The configuration file config.cfg contains 10 databases. Five of the databases have the value of upgrade_node set to denver01. The remaining five have the value of upgrade_node set to denver02. If AutoUpgrade is run on the server denver01 using the configuration file config.cfg, then AutoUpgrade only processes the databases where upgrade_node is set to denver01. It ignores the databases where upgrade_node is set to denver02. The utility hostname identifies the value used to resolve the upgrade node

Example:

hostname
denver02
sales1.upgrade_node=denver01

Locally Modifiable Global Parameters for AutoUpgrade Configuration File

Locally modifiable global parameters are parameters that you set both globally, and as you require, set locally, so that you can better control AutoUpgrade job processing.

Usage Notes

Locally modifiable global parameters are required parameters. You must define these parameters in your AutoUpgrade configuration file, either globally, or locally. With locally modifiable global parameters, you can use the prefix global to set values as global parameters for all jobs in your AutoUpgrade configuration file, but reset the same parameter with a local job prefix for a particular job in the same configuration file. You can also choose to set locally modifiable global parameters only as local parameters for each AutoUpgrade job.

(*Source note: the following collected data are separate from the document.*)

(* Extensional, so that each 0/1 pattern on {1..n} has exactly one representative. *)
definition binary_histories :: "nat \<Rightarrow> (nat \<Rightarrow> real) set" where
  "binary_histories n = {1..n} \<rightarrow>\<^sub>E {0, 1}"

lemma finite_binary_histories: "finite (binary_histories n)"
  unfolding binary_histories_def by (intro finite_PiE) auto

lemma sum_binary_histories_Suc:
  "(\<Sum>z\<in>binary_histories (Suc n). f z) =
     (\<Sum>x\<in>binary_histories n. f (x(Suc n := 0)) + f (x(Suc n := 1)))"
proof -
  have interval_Suc: "{1..Suc n} = insert (Suc n) {1..n}"
    by auto
  have "(\<Sum>z\<in>binary_histories (Suc n). f z) =
      (\<Sum>(b, x)\<in>{0, 1} \<times> binary_histories n. f (x(Suc n := b)))"
    unfolding binary_histories_def interval_Suc PiE_insert_eq
    by (subst sum.reindex[OF inj_combinator]) (auto simp: case_prod_unfold)
  also have "\<dots> = (\<Sum>x\<in>binary_histories n. f (x(Suc n := 0)) + f (x(Suc n := 1)))"
    by (simp add: sum.cartesian_product[symmetric] sum.distrib)
  finally show ?thesis .
qed

lemma sum_fun_upd_Suc: "(\<Sum>i=1..Suc n. (x(Suc n := b)) i) = (\<Sum>i=1..n. x i) + b"
  by (simp add: sum.cl_ivl_Suc)

lemma binary_history_mean_bounds:
  assumes "x \<in> binary_histories n"
  shows "0 \<le> (\<Sum>i=1..n. x i) / real n" "(\<Sum>i=1..n. x i) / real n \<le> 1"
proof -
  have x01: "0 \<le> x i \<and> x i \<le> 1" if "i \<in> {1..n}" for i
  proof -
    have "x i \<in> {0, 1}"
      using assms that by (auto simp: binary_histories_def PiE_iff)
    then show ?thesis by auto
  qed
  then have "0 \<le> (\<Sum>i=1..n. x i)"
    by (intro sum_nonneg) auto
  then show "0 \<le> (\<Sum>i=1..n. x i) / real n"
    by simp
  have "(\<Sum>i=1..n. x i) \<le> real n"
    using sum_mono[of "{1..n}" x "\<lambda>_. 1"] x01 by simp
  then show "(\<Sum>i=1..n. x i) / real n \<le> 1"
    by (simp add: divide_le_eq)
qed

When a locally modifiable global parameter is set both with a global prefix, and with a local job prefix, the locally modified parameter value overrides the global parameter values for the job identified by the prefix that you use with the parameter. The syntax you use is in the form global.target_home=Global target Oracle home, and database.target_home=local target Oracle home.

Example:

In the AutoUpgrade configuration file, the required parameter target_home is set globally to one Oracle home path. But in the configuration file, the same parameter is set locally to a different Oracle home path. As AutoUpgrade processes the jobs in the configuration file, it uses the locally defined path for target_home for the job defined by the prefix upgrade3, overriding the global parameter setting:

global.target_home=/u01/app/oracle/19.0.0.0/dbhome01
upgrade3.target_home=/u03/app/oracle3/12.2.0.1/dbhome3

Table 3-3 Locally Modifiable Global Parameters for AutoUpgrade Configuration Files

Parameter Description

target_version

(Optional) Specifies the target release version on which you want AutoUpgrade to perform the upgrade. AutoUpgrade uses the release version information that you provide in this parameter to ensure that the correct checks and fixups are used for the target Oracle Database release to which you are upgrading. The format for this parameter are period-delimited values of valid Oracle versions.

Valid values

  • 12.2
  • 18
  • 19
  • 20

This option is only required if the target home is not present on the system, or if the target home is a 12.2 release. Otherwise, AutoUpgrade can derive the target release value.

Example:

global.target_version=18
employees.target_version=12.2
target_home

Specifies the target Oracle home (ORACLE_HOME) path.

Example:

global.target_home=/u01/app/oracle/19.0.0/dbhome01
sales4.target_home=/u04/app/oracle4/19.0.0/dbhome04
target_base

Specifies the target ORACLE_BASE path for the target Oracle home.